Despite its absurdity, there is a well developed plot in Maize. You will spend the majority of your time lurking around an abandoned farmhouse that was built on top of a secret experimental facility. Early on, it becomes apparent that you are not alone, as a group of sentient corn follows your every move. They speak in a comical British accent and love to take naps, but can also open up pathways once you solved the correct puzzle. A more direct companion comes in the shape of Vladdy, a knockoff Soviet teddy bear that follows you around and thinks everything around him is stupid. He can also crawl up small spaces and help you, if you don’t mind him complaining about how much you abuse him. While the cast of characters is creative to say the least, I had way more fun reading the passive aggressive notes left behind by the facility heads. Bob is a narcissistic businessman riding on the coattails of Ted’s apparent scientific expertise. There are dozens of Post-It notes and other documentation lying around that details the genuinely hilarious interactions these two had, from building a nursery in a facility with no children, to Bob’s perchance for carving out commemorative lobbies. Seeing what new argument they had gotten into was way more entertaining than hearing Vladdy complain every time we walked into a new room, and was the main drive in getting to the end.
Maize has its roots deeply ingrained into the point and click puzzle games of the 90’s with solid ambient music and tons of objects littering every room. However, it is lacking the challenge that made these games so memorable. As you walk around the complex you will find objects that you can pick up and carry with you. These objects can be used in very specific places in a very specific way. Hundreds of games have done this formula before, where the player has to solve how the developer was thinking more often than what the logical thing to do would be (the infamous cat hair mustache comes to mind). Maize tries to mitigate this by clearly highlighting what can be picked up and where it can be used. It turns the game into a massive “Eye Spy” book rather than a notebook-filling classic adventure game. There is nothing wrong with this, but it does remove pretty much the all challenge in the game.
This leaves the story as the only real catalyst and it does not disappoint. As I mentioned earlier, the humor is absurdist and silly but the writing is really sharp. It never forced a joke and would often carry on threads throughout the whole game, like every rock you take with you having a different personality. Items that you pick up come with a bit of flavor text that describes it and there are some legit chuckles, from my character thinking a speaker was a strange animal and not moving for several hours to a novel where the author spoils the ending on the cover and it becomes a high-grossing motion picture. The writers really do deserve all the praise here as what the game lacks in engrossing gameplay it more than makes up for with hilarious exposition. It also helps that it can be beaten in a few hours, not overstaying its welcome and leaving the jokes feeling fresh in your mind.
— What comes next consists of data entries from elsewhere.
(* Let $P$ and $Q$ be tabloids of the same shape $\lambda$ with $\lambda_i=\lambda_{i+1}$. Then the dominance constant satisfies \[ r_{i+1}(P,Q)=\operatorname{lch}_i(P)-\operatorname{lch}_i(Q).\]
   Context: Fix $n\ge1$; $\overline i=i+n\mathbb Z$, $[\overline n]=\{\overline1,\dots,\overline n\}$. A tabloid of shape $\lambda$ ($\lambda$ a partition) is a sequence of pairwise disjoint subsets $T_1,T_2,\dots,T_{\ell(\lambda)}$ (rows) of $[\overline n]$ with $|T_r|=\lambda_r$. Broken order: $\overline1<\overline2<\dots<\overline n$. Local charge: suppose rows $k$ and $k+1$ of a tabloid $T$ both have size $m$. List the elements of $T_k$ as $\overline{a_1}<\dots<\overline{a_m}$ in broken order. For $t=1,\dots,m$ in turn, match $\overline{a_t}$ with the smallest (in broken order) not yet matched element of $T_{k+1}$ that is larger than $\overline{a_t}$, if one exists, and otherwise with the smallest not yet matched element of $T_{k+1}$. Then $\operatorname{lch}_k(T)$ is the number of $t$ such that $\overline{a_t}$ is larger (in broken order) than the element it is matched with. Streams: cells are pairs $(i,j)\in\mathbb Z^2$ (row $i$, increasing southward; column $j$, increasing eastward); $(i,j)$ is northwest of $(i',j')$ if $i\le i'$, $j\le j'$; north means smaller row index, west smaller column index. For $A,B\subseteq[\overline n]$ with $|A|=|B|=m\ge1$ and $r\in\mathbb Z$, enumerate $\bigcup A=\{\dots<a_0<a_1<a_2<\dots\}\subseteq\mathbb Z$ with $1\le a_1<\dots<a_m\le n$ and $a_{t+m}=a_t+n$, and similarly $\bigcup B=\{b_t\}$; define the stream $\Sigma_r(A,B)=\{(b_t,a_{t+r}):t\in\mathbb Z\}$ (rows from $B$, columns from $A$; $r$ is its altitude). A proper numbering of a stream is an indexing of its cells by $\mathbb Z$, $X^{(t)}$, with $X^{(t+1)}$ southeast of $X^{(t)}$ for all $t$. If $S,T$ are streams with the same $m$, no cell of $S$ sharing a row or column with a cell of $T$, and $S$ is properly numbered, the backward numbering of $T$ with respect to $S$ is the unique proper numbering of $T$ such that $S^{(t)}$ is northwest of $T^{(t)}$ for all $t$ and $S^{(j+1)}$ is not northwest of $T^{(j)}$ for some $j$. Then $T$ is concurrent to $S$ if, with this numbering, there exist $t,j$ with $T^{(t)}$ strictly north of $S^{(t+1)}$ and $T^{(j)}$ strictly west of $S^{(j+1)}$. For tabloids $P,Q$ of shape $\lambda$ with $\lambda_i=\lambda_{i+1}$, the dominance constant $r_{i+1}(P,Q)$ is the unique integer $r$ such that $\Sigma_r(P_{i+1},Q_{i+1})$ is concurrent to $\Sigma_0(P_i,Q_i)$ (such $r$ exists and is unique). *)

theory Defs
  imports Main
begin

text \<open>Residues in [n-bar] are represented by their representatives 1..n (ints);
  the broken order 1 < 2 < ... < n is then the usual order on these representatives.
  Rows and parts are indexed from 1.\<close>

definition is_partition :: "nat list \<Rightarrow> bool" where
  "is_partition lam \<longleftrightarrow> sorted (rev lam) \<and> (\<forall>x\<in>set lam. 0 < x)"

definition part :: "nat list \<Rightarrow> nat \<Rightarrow> nat" where
  "part lam k = lam ! (k - 1)"

definition row :: "int set list \<Rightarrow> nat \<Rightarrow> int set" where
  "row T k = T ! (k - 1)"

definition tabloid :: "int \<Rightarrow> nat list \<Rightarrow> int set list \<Rightarrow> bool" where
  "tabloid n lam T \<longleftrightarrow> length T = length lam
     \<and> (\<forall>k\<in>{1..length lam}. row T k \<subseteq> {1..n} \<and> card (row T k) = part lam k)
     \<and> (\<forall>k\<in>{1..length lam}. \<forall>l\<in>{1..length lam}. k \<noteq> l \<longrightarrow> row T k \<inter> row T l = {})"

fun lch_aux :: "int list \<Rightarrow> int set \<Rightarrow> nat" where
  "lch_aux [] U = 0"
| "lch_aux (a # as) U =
     (let b = (if {b\<in>U. a < b} \<noteq> {} then Min {b\<in>U. a < b} else Min U)
      in (if b < a then 1 else 0) + lch_aux as (U - {b}))"

definition lch :: "int set list \<Rightarrow> nat \<Rightarrow> nat" where
  "lch T k = lch_aux (sorted_list_of_set (row T k)) (row T (k + 1))"

text \<open>Enumeration of the union of residue classes: a_1 < ... < a_m are the elements
  of A in 1..n, and a_(t+m) = a_t + n.\<close>

definition enum :: "int \<Rightarrow> int set \<Rightarrow> int \<Rightarrow> int" where
  "enum n A t = (let s = sorted_list_of_set A; m = int (card A)
                 in s ! nat ((t - 1) mod m) + n * ((t - 1) div m))"

text \<open>Stream Sigma_r(A,B) = {(b_t, a_(t+r))}: rows from B, columns from A.\<close>

definition stream :: "int \<Rightarrow> int \<Rightarrow> int set \<Rightarrow> int set \<Rightarrow> (int \<times> int) set" where
  "stream n r A B = {(enum n B t, enum n A (t + r)) | t. True}"

definition canon_numbering :: "int \<Rightarrow> int \<Rightarrow> int set \<Rightarrow> int set \<Rightarrow> int \<Rightarrow> int \<times> int" where
  "canon_numbering n r A B t = (enum n B t, enum n A (t + r))"

definition nw :: "int \<times> int \<Rightarrow> int \<times> int \<Rightarrow> bool" where
  "nw c d \<longleftrightarrow> fst c \<le> fst d \<and> snd c \<le> snd d"

definition proper_numbering :: "(int \<times> int) set \<Rightarrow> (int \<Rightarrow> int \<times> int) \<Rightarrow> bool" where
  "proper_numbering S X \<longleftrightarrow> bij_betw X UNIV S \<and> (\<forall>t. nw (X t) (X (t + 1)))"

definition backward_numbering ::
  "(int \<times> int) set \<Rightarrow> (int \<Rightarrow> int \<times> int) \<Rightarrow> int \<Rightarrow> int \<times> int" where
  "backward_numbering T XS = (THE Y. proper_numbering T Y \<and> (\<forall>t. nw (XS t) (Y t))
                                  \<and> (\<exists>j. \<not> nw (XS (j + 1)) (Y j)))"

definition concurrent :: "(int \<times> int) set \<Rightarrow> (int \<times> int) set \<Rightarrow> (int \<Rightarrow> int \<times> int) \<Rightarrow> bool" where
  "concurrent T S XS \<longleftrightarrow>
     proper_numbering S XS
     \<and> (\<forall>c\<in>S. \<forall>d\<in>T. fst c \<noteq> fst d \<and> snd c \<noteq> snd d)
     \<and> (let Y = backward_numbering T XS in
          (\<exists>t j. fst (Y t) < fst (XS (t + 1)) \<and> snd (Y j) < snd (XS (j + 1))))"

text \<open>Dominance constant r_(i+1)(P,Q); Sigma_0(P_i,Q_i) carries its natural numbering
  t \<mapsto> (b_t, a_t).\<close>

definition dom_const :: "int \<Rightarrow> int set list \<Rightarrow> int set list \<Rightarrow> nat \<Rightarrow> int" where
  "dom_const n P Q i = (THE r. concurrent (stream n r (row P (i + 1)) (row Q (i + 1)))
                                         (stream n 0 (row P i) (row Q i))
                                         (canon_numbering n 0 (row P i) (row Q i)))"

end

theory Submission
  imports Defs
begin

text \<open>Let \<open>c(X, X')\<close> be the local charge of a row \<open>X\<close> into the next row \<open>X'\<close>, and \<open>x(t)\<close>, \<open>x'(t)\<close>
  the periodic enumerations of \<open>X\<close>, \<open>X'\<close>. Counting, for each \<open>a \<in> X\<close>, how many elements of \<open>X\<close> at or
  above \<open>a\<close> compete for the partners in \<open>X'\<close> above \<open>a\<close> shows that the greedy matching wraps around
  as often as the largest of \<open>0\<close> and the numbers \<open>surplus X X' a\<close>, and that this number is also the least shift \<open>u\<close> with
  \<open>x(t) \<le> x'(t + u)\<close> for all \<open>t\<close>.

  Proper numberings of a stream are the translates of its canonical numbering. So the backward
  numbering of the stream of \<open>P(i+1), Q(i+1)\<close> with respect to that of \<open>P(i), Q(i)\<close> is the canonical
  one translated by \<open>s = max(c\<^sub>Q, c\<^sub>P - r)\<close>, where \<open>c\<^sub>P = c(P(i), P(i+1))\<close> and
  \<open>c\<^sub>Q = c(Q(i), Q(i+1))\<close>; the two concurrency conditions then read \<open>s \<le> c\<^sub>Q\<close> and \<open>s + r \<le> c\<^sub>P\<close>,
  that is, \<open>r = c\<^sub>P - c\<^sub>Q\<close>.\<close>

section \<open>Greedy matching\<close>

definition surplus :: "int set \<Rightarrow> int set \<Rightarrow> int \<Rightarrow> int" where
  "surplus X U a = int (card {x\<in>X. a \<le> x}) - int (card {y\<in>U. a < y})"

lemma lch_aux_Cons_successor:
  assumes "finite U" "b \<in> U" "a < b" "\<And>y. y \<in> U \<Longrightarrow> a < y \<Longrightarrow> b \<le> y"
  shows "lch_aux (a # as) U = lch_aux as (U - {b})"
proof -
  have "Min {y\<in>U. a < y} = b"
    using assms by (intro Min_eqI) auto
  then show ?thesis
    using assms by (auto simp: Let_def)
qed

lemma lch_aux_Cons_wrap:
  assumes "finite U" "U \<noteq> {}" "\<forall>y\<in>U. y < a"
  shows "lch_aux (a # as) U = 1 + lch_aux as (U - {Min U})"
proof -
  have "{y\<in>U. a < y} = {}" "Min U < a"
    using assms by auto
  then show ?thesis
    by (simp add: Let_def)
qed

lemma card_ge_hd_sorted:
  fixes a :: "'a :: linorder"
  assumes "sorted_wrt (<) (a # as)"
  shows "card {x\<in>set (a # as). a \<le> x} = length (a # as)"
proof -
  have "{x\<in>set (a # as). a \<le> x} = set (a # as)"
    using assms by (auto intro: less_imp_le)
  moreover have "distinct (a # as)"
    using assms strict_sorted_iff by blast
  ultimately show ?thesis
    by (simp add: distinct_card)
qed

lemma card_filter_set_le_length: "card {x\<in>set xs. P x} \<le> length xs"
proof -
  have "card {x\<in>set xs. P x} \<le> card (set xs)"
    by (rule card_mono) auto
  then show ?thesis
    using card_length le_trans by blast
qed

lemma surplus_le_iff_length_le:
  assumes sorted: "sorted_wrt (<) xs" and "xs \<noteq> []" and below: "\<forall>y\<in>U. \<forall>x\<in>set xs. y < x"
  shows "(\<forall>x\<in>set xs. surplus (set xs) U x \<le> u) \<longleftrightarrow> int (length xs) \<le> u"
proof -
  obtain a as where xs: "xs = a # as"
    using \<open>xs \<noteq> []\<close> by (cases xs) auto
  have surplus_eq: "surplus (set xs) U x = int (card {y\<in>set xs. x \<le> y})" if "x \<in> set xs" for x
  proof -
    have "{y\<in>U. x < y} = {}"
      using below that by fastforce
    then show ?thesis
      unfolding surplus_def by (metis card.empty of_nat_0 diff_zero)
  qed
  have "surplus (set xs) U a = int (length xs)"
    using surplus_eq[of a] card_ge_hd_sorted[of a as] sorted unfolding xs by simp
  moreover have "surplus (set xs) U x \<le> int (length xs)" if "x \<in> set xs" for x
    using surplus_eq[OF that] card_filter_set_le_length[of xs] by simp
  ultimately show ?thesis
    using xs by (metis list.set_intros(1) order_trans)
qed

lemma surplus_Cons:
  assumes "sorted_wrt (<) (a # as)" "x \<in> set as"
  shows "surplus (set (a # as)) U x = surplus (set as) U x"
proof -
  have "{y\<in>set (a # as). x \<le> y} = {y\<in>set as. x \<le> y}"
    using assms by auto
  then show ?thesis
    unfolding surplus_def by simp
qed

lemma surplus_Diff_singleton:
  assumes "finite U" "b \<in> U" "x \<noteq> b"
  shows "surplus X (U - {b}) x = surplus X U x + (if x < b then 1 else 0)"
proof -
  have "{y\<in>U - {b}. x < y} = {y\<in>U. x < y} - {b}"
    by auto
  moreover have "x < b \<Longrightarrow> 0 < card {y\<in>U. x < y}"
    using assms(1,2) card_gt_0_iff by fastforce
  ultimately have "card {y\<in>U - {b}. x < y} + (if x < b then 1 else 0) = card {y\<in>U. x < y}"
    using assms(1,2) by (simp add: card_Diff_singleton_if)
  then show ?thesis
    unfolding surplus_def by (cases "x < b") simp_all
qed

context
  fixes a b :: int and as :: "int list" and U :: "int set"
  assumes sorted: "sorted_wrt (<) (a # as)" and fin: "finite U"
    and disj: "set (a # as) \<inter> U = {}"
    and successor: "b \<in> U" "a < b" "\<And>y. y \<in> U \<Longrightarrow> a < y \<Longrightarrow> b \<le> y"
begin

lemma surplus_Diff_successor:
  assumes "x \<in> set as"
  shows "surplus (set as) (U - {b}) x = surplus (set (a # as)) U x + (if x < b then 1 else 0)"
proof -
  have "x \<noteq> b"
    using disj successor(1) assms by auto
  then show ?thesis
    using surplus_Diff_singleton[OF fin successor(1), of x "set as"] surplus_Cons[OF sorted assms]
    by simp
qed

lemma card_above_below_successor:
  assumes "x \<in> set as" "x < b"
  shows "card {y\<in>U. x < y} = card {y\<in>U. a < y}"
proof -
  have "a < x"
    using sorted assms(1) by simp
  then have "{y\<in>U. x < y} = {y\<in>U. a < y}"
    using successor assms(2) by fastforce
  then show ?thesis
    by simp
qed

lemma surplus_hd_eq: "surplus (set (a # as)) U a = int (length as) + 1 - int (card {y\<in>U. a < y})"
  using card_ge_hd_sorted[OF sorted] unfolding surplus_def by simp

lemma surplus_Cons_le_if_surplus_Diff_le:
  assumes "0 \<le> u" and new_le: "\<forall>x\<in>set as. surplus (set as) (U - {b}) x \<le> u"
  shows "\<forall>x\<in>set (a # as). surplus (set (a # as)) U x \<le> u"
proof -
  let ?above = "\<lambda>x. card {y\<in>U. x < y}"
  have "surplus (set (a # as)) U a \<le> u"
  proof (cases as)
    case Nil
    have "1 \<le> ?above a"
      using fin successor(1,2) by (auto simp: Suc_le_eq card_gt_0_iff)
    then show ?thesis
      using surplus_hd_eq Nil \<open>0 \<le> u\<close> by simp
  next
    case (Cons a1 as1)
    \<comment> \<open>the surplus at \<open>a\<close> is bounded by the new surplus at the next element \<open>a1\<close>\<close>
    have a1: "a1 \<in> set as"
      using Cons by simp
    have "card {y\<in>set as. a1 \<le> y} = length as"
      using card_ge_hd_sorted[of a1 as1] sorted Cons by simp
    moreover have "?above a1 + (if a1 < b then 0 else 1) \<le> ?above a"
    proof (cases "a1 < b")
      case False
      then have "insert b {y\<in>U. a1 < y} \<subseteq> {y\<in>U. a < y}" "b \<notin> {y\<in>U. a1 < y}"
        using successor sorted a1 by auto
      then show ?thesis
        using False fin card_mono[of "{y\<in>U. a < y}" "insert b {y\<in>U. a1 < y}"] by simp
    qed (use card_above_below_successor[OF a1] in simp)
    ultimately show ?thesis
      using new_le a1 surplus_Diff_successor[OF a1] surplus_Cons[OF sorted a1] surplus_hd_eq
      unfolding surplus_def by (force split: if_splits)
  qed
  moreover have "surplus (set (a # as)) U x \<le> u" if "x \<in> set as" for x
    using new_le[rule_format, OF that] surplus_Diff_successor[OF that] by (simp split: if_splits)
  ultimately show ?thesis
    by simp
qed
Maize feels like a game made 20 years ago. Back in the golden age of puzzle-adventure games, a title like this would have blended into the crowd of classic LucasArts produced stories. But today, these kind of gems are fewer and far between. It is a short story that feels as witty as Grim Fandango, with the atmosphere of Portal and an ending that none of these games even come close to matching. You won’t need a walkthrough to get through it, but Maize does an admirable job of reminding us that sometimes things are funny just because they are.
- Clever writing.
- Beautiful game world.
- Solid voice acting.
- Simple gameplay.
- Vladdy got annoying.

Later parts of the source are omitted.